Einige dieser Arbeiten sind zwar scheinbar geringfügig, bergen aber erhebliche rechtliche Konsequenzen, wenn sie ohne Zustimmung des Vermieters durchgeführt werden. So ist beispielsweise das Verlegen eines Laminatbodens erlaubt, da es sich um eine rückgängige Maßnahme handelt. Allerdings muss der Mieter gegebenenfalls nachweisen, dass der Bodenbelag später wieder entfernt werden kann, um Schäden zu vermeiden. Andernfalls droht Schadenersatz. Auffällig ist, dass das Verlegen von Parkettbodenbelägen in der Regel keine zwingende Pflicht ist. Allerdings ist es so, dass ein solcher Bodenbelag nur dann ohne Probleme entfernt werden kann, wenn er im Originalzustand aufbewahrt wurde. Ist dies nicht der Fall, droht den Mieter eine Schadensersatzleistung. „Am Ende muss der Mieter sogar das alte Linoleum wieder verlegen, das vorher auf dem Boden lag“, wird in einer Quelle zitiert. Diese Aussage verdeutlicht die hohe Verantwortung, die Mieter bei Umbaumaßnahmen tragen, die die Bausubstanz betreffen. Eine solche Maßnahme ist daher nur mit Zustimmung des Vermieters zulässig.
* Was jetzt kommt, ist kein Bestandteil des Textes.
(* Let $q$ be a prime power, $l\ge1$, $t=q^l$, $G_4(x)=x^t+x^{t-1}+1$, $G_5(x)=x^{t+1}+x^t+x$, and $L_4^*=\{\alpha\in GF(t^2):\ \alpha\neq0,\ G_4(\alpha)\ne0\}$. Then the $q$-ary Goppa codes $\Gamma_5^{(q-1)}=\Gamma(L_4^*,G_5^{q-1})$ and $\Gamma_4^{*(q-1)}=\Gamma(L_4^*,G_4^{q-1})$ have equal parity-check matrices, i.e., they coincide as codes.
   Context: For a set $L=\{\alpha_1,\dots,\alpha_n\}$ of distinct elements of $GF(t^2)$ and $P\in GF(t^2)[x]$ with $P(\alpha_k)\neq0$ for all $k$, the $q$-ary Goppa code is $\Gamma(L,P)=\{c\in GF(q)^n:\ \sum_k c_k\alpha_k^s/P(\alpha_k)=0 \text{ for } s=0,\dots,\deg P-1\}$. *)

theory Defs
  imports "HOL-Computational_Algebra.Computational_Algebra" "HOL-Library.Cardinality"
begin

definition subfield_GF :: "nat \<Rightarrow> 'a::field set" where
  "subfield_GF q = {x. x ^ q = x}"

definition goppa_code :: "nat \<Rightarrow> 'a::field list \<Rightarrow> 'a poly \<Rightarrow> 'a list set" where
  "goppa_code q L P = {c. length c = length L \<and> set c \<subseteq> subfield_GF q \<and>
     (\<forall>s < degree P. (\<Sum>k < length L. c ! k * (L ! k) ^ s / poly P (L ! k)) = 0)}"

definition G4 :: "nat \<Rightarrow> 'a::field poly" where
  "G4 t = monom 1 t + monom 1 (t - 1) + 1"

definition G5 :: "nat \<Rightarrow> 'a::field poly" where
  "G5 t = monom 1 (t + 1) + monom 1 t + monom 1 1"

definition L4star :: "nat \<Rightarrow> 'a::field set" where
  "L4star t = {\<alpha>. \<alpha> \<noteq> 0 \<and> poly (G4 t) \<alpha> \<noteq> 0}"

end

theory Submission
  imports Defs "HOL-Number_Theory.Residues"
begin

(*
  On L both x and g(x) = x^t + x^(t-1) + 1 are nonzero and G5 = X g, so a G5-check with
  exponent s >= q-1 is a G4-check after cancelling x^(q-1); it remains to derive the G5-checks
  with s < q-1 from the G4-checks.  Since the symbols lie in GF(q), the q-th and t-th powers
  of a syndrome are the syndromes of the powered terms, and x^(t^2) = x gives
  g(x)^t = g(x) / x^(t-1).  Hence x^s/(x g)^(q-1) is the t-th power of a G4-term for
  0 < s < q-1, while 1/(x g)^(q-1) splits into terms x^e/g^q (e < t) plus the t-th power of
  such a term.  Finally g divides X^(t^2) - X, so X^e = K g + P^q with deg K < t(q-1) and
  deg P < t, which writes x^e/g^q as a G4-combination plus the q-th power of one.
*)

lemma nonzero_power_card_minus_one:
  fixes x :: "'a::{finite,field}"
  assumes "x \<noteq> 0"
  shows "x ^ (CARD('a) - 1) = 1"
proof -
  define U where "U = UNIV - {0::'a}"
  have "x ^ card U * (\<Prod>y\<in>U. y) = (\<Prod>y\<in>U. x * y)"
    by (simp add: prod.distrib)
  also have "\<dots> = (\<Prod>y\<in>U. y)"
    by (rule prod.reindex_bij_witness[of _ "\<lambda>y. y / x" "\<lambda>y. x * y"])
       (use assms in \<open>auto simp: U_def\<close>)
  finally have "x ^ card U = 1"
    by (simp add: U_def)
  thus ?thesis
    by (simp add: U_def card_Diff_singleton)
qed

lemma power_card_eq_self:
  fixes x :: "'a::{finite,field}"
  shows "x ^ CARD('a) = x"
proof (cases "x = 0")
  case False
  have "x ^ CARD('a) = x * x ^ (CARD('a) - 1)"
    using finite_UNIV_card_ge_0[where 'a='a] by (simp flip: power_Suc)
  also have "\<dots> = x"
    using nonzero_power_card_minus_one[OF False] by simp
  finally show ?thesis .
qed simp

lemma CHAR_eq_prime_of_CARD_eq_power:
  assumes "prime p" and "CARD('a::{finite,field}) = p ^ m"
  shows "CHAR('a) = p"
proof -
  have "prime CHAR('a)"
    by (intro prime_CHAR_semidom finite_imp_CHAR_pos) simp
  moreover have "CHAR('a) dvd p ^ m"
    using CHAR_dvd_CARD[where 'a='a] assms(2) by simp
  ultimately show ?thesis
    using assms(1) prime_dvd_power primes_dvd_imp_eq by blast
qed

lemma subfield_GF_subset_power: "subfield_GF q \<subseteq> subfield_GF (q ^ l)"
proof
  fix x :: 'a assume "x \<in> subfield_GF q"
  hence "x ^ q = x" by (simp add: subfield_GF_def)
  hence "x ^ (q ^ l) = x"
    by (induction l) (simp_all add: power_mult mult.commute)
  thus "x \<in> subfield_GF (q ^ l)" by (simp add: subfield_GF_def)
qed

definition syndrome :: "'a::field list \<Rightarrow> 'a list \<Rightarrow> ('a \<Rightarrow> 'a) \<Rightarrow> 'a" where
  "syndrome c L \<phi> = (\<Sum>k<length L. c ! k * \<phi> (L ! k))"

definition goppa_checks :: "'a::field list \<Rightarrow> 'a list \<Rightarrow> 'a poly \<Rightarrow> bool" where
  "goppa_checks c L P \<longleftrightarrow> (\<forall>s<degree P. syndrome c L (\<lambda>x. x ^ s / poly P x) = 0)"

lemma goppa_code_iff_checks:
  "c \<in> goppa_code q L P \<longleftrightarrow>
     length c = length L \<and> set c \<subseteq> subfield_GF q \<and> goppa_checks c L P"
  by (simp add: goppa_code_def goppa_checks_def syndrome_def times_divide_eq_right)

lemma syndrome_add: "syndrome c L (\<lambda>x. \<phi> x + \<psi> x) = syndrome c L \<phi> + syndrome c L \<psi>"
  by (simp add: syndrome_def distrib_left sum.distrib)

lemma syndrome_cong: "(\<And>x. x \<in> set L \<Longrightarrow> \<phi> x = \<psi> x) \<Longrightarrow> syndrome c L \<phi> = syndrome c L \<psi>"
  unfolding syndrome_def by (intro sum.cong) auto

lemma syndrome_power_CHAR_power:
  fixes c L :: "'a::field list"
  assumes "prime CHAR('a)" and "Q = CHAR('a) ^ m"
    and "length c = length L" and "set c \<subseteq> subfield_GF Q"
  shows "syndrome c L \<phi> ^ Q = syndrome c L (\<lambda>x. \<phi> x ^ Q)"
proof -
  have "syndrome c L \<phi> ^ Q = (\<Sum>k<length L. (c ! k * \<phi> (L ! k)) ^ Q)"
    unfolding syndrome_def using assms(1,2) by (rule freshmans_dream_sum')
  also have "\<dots> = syndrome c L (\<lambda>x. \<phi> x ^ Q)"
    unfolding syndrome_def
  proof (intro sum.cong refl)
    fix k assume "k \<in> {..<length L}"
    hence "c ! k \<in> subfield_GF Q"
      using assms(3,4) nth_mem by fastforce
    thus "(c ! k * \<phi> (L ! k)) ^ Q = c ! k * \<phi> (L ! k) ^ Q"
      by (simp add: power_mult_distrib subfield_GF_def)
  qed
  finally show ?thesis .
qed

lemma syndrome_poly_eq_0:
  assumes "\<And>s. s < D \<Longrightarrow> syndrome c L (\<lambda>x. x ^ s / d x) = 0" and "degree H < D"
  shows "syndrome c L (\<lambda>x. poly H x / d x) = 0"
proof -
  have "syndrome c L (\<lambda>x. poly H x / d x)
      = (\<Sum>i\<le>degree H. Polynomial.coeff H i * syndrome c L (\<lambda>x. x ^ i / d x))"
    unfolding syndrome_def
    by (simp add: poly_altdef sum_divide_distrib sum_distrib_left sum.swap[of _ "{..<length L}"] mult_ac)
  also have "\<dots> = 0"
    using assms by simp
  finally show ?thesis .
qed

lemma poly_G4: "poly (G4 t) x = x ^ t + x ^ (t - 1) + 1"
  by (simp add: G4_def poly_monom)

lemma G4_eq_power_X: "G4 t = [:0, 1:] ^ t + [:0, 1:] ^ (t - 1) + (1 :: 'a::field poly)"
  by (simp add: G4_def monom_altdef)

lemma G5_eq_X_mult_G4:
  assumes "t \<ge> 1"
  shows "G5 t = [:0, 1:] * (G4 t :: 'a::field poly)"
proof -
  obtain m where "t = Suc m" using assms by (cases t) auto
  thus ?thesis
    by (simp add: G5_def G4_eq_power_X monom_altdef algebra_simps)
qed

lemma degree_G4:
  assumes "t \<ge> 1"
  shows "degree (G4 t :: 'a::field poly) = t"
proof (rule antisym)
  show "degree (G4 t :: 'a poly) \<le> t"
    unfolding G4_def by (intro degree_add_le) (auto intro: order.trans[OF degree_monom_le])
  have "Polynomial.coeff (G4 t :: 'a poly) t = 1"
    using assms by (simp add: G4_def coeff_monom)
  thus "t \<le> degree (G4 t :: 'a poly)"
    by (intro le_degree) simp
qed

lemma G4_nonzero:
  assumes "t \<ge> 1"
  shows "G4 t \<noteq> (0 :: 'a::field poly)"
  using degree_G4[OF assms, where 'a='a] assms by auto

(* By Frobenius, (X + 1)^(t+1) = (X + 1) (X^t + 1). *)
lemma X_mult_G4_eq:
  assumes "prime CHAR('a::field)" and "t = CHAR('a) ^ m"
  shows "[:0, 1:] * G4 t = [:1, 1:] ^ (t + 1) - (1 :: 'a poly)"
proof -
  define X :: "'a poly" where "X = [:0, 1:]"
  have "(X + 1) ^ t = X ^ t + 1"
    using freshmans_dream'[where x=X and y=1] assms by simp
  moreover obtain n where "t = Suc n"
    using assms prime_gt_0_nat not0_implies_Suc by fastforce
  moreover have "[:1, 1:] = X + 1"
    by (simp add: X_def one_pCons)
  ultimately show ?thesis
    unfolding G4_eq_power_X X_def[symmetric] by (simp add: algebra_simps)
qed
Weitere Arbeiten, die als Schönheitsreparaturen gel gelten, sind das Beseitigen von Flecken, Rissen oder Kratzern an Wänden und Decken, das Austauschen von alten Leuchten und Türen sowie das Ausbessern von Mängeln an Fenstern und Türen. Diese Maßnahmen dienen der Erhaltung des optischen Eindrucks der Wohnung. Auch das Streichen von Fensterrahmen oder Türen zählt zu den gängigen Arbeiten, die von den Mieter:innen erbracht werden sollen, sofern im Mietvertrag vorgesehen. Wird beispielsweise ein altes Fenster durch ein neues ersetzt, was zu einer Änderung des Erscheinungsbilds führt, ist dies keine Schönheitsreparatur, sondern eine Veränderung der Bausubstanz, die grundsätzlich die Zustimmung des Vermieters erfordert. Besonders auffällig ist, dass auch eingebaute Regale oder abgehängte Decken, die im Laufe der Zeit entstanden sind, bei Auszug rückgängig gemacht werden müssen, falls der Vermieter dies verlangt. In solchen Fällen ist es ratsam, im Vorfeld mit dem Vermieter abzustimmen, wie mit solchen Maßnahmen verfahren werden soll. Ohne Einigung droht der Mieter die Rückbaupflicht, die auch finanzielle Belastungen beinhalten kann.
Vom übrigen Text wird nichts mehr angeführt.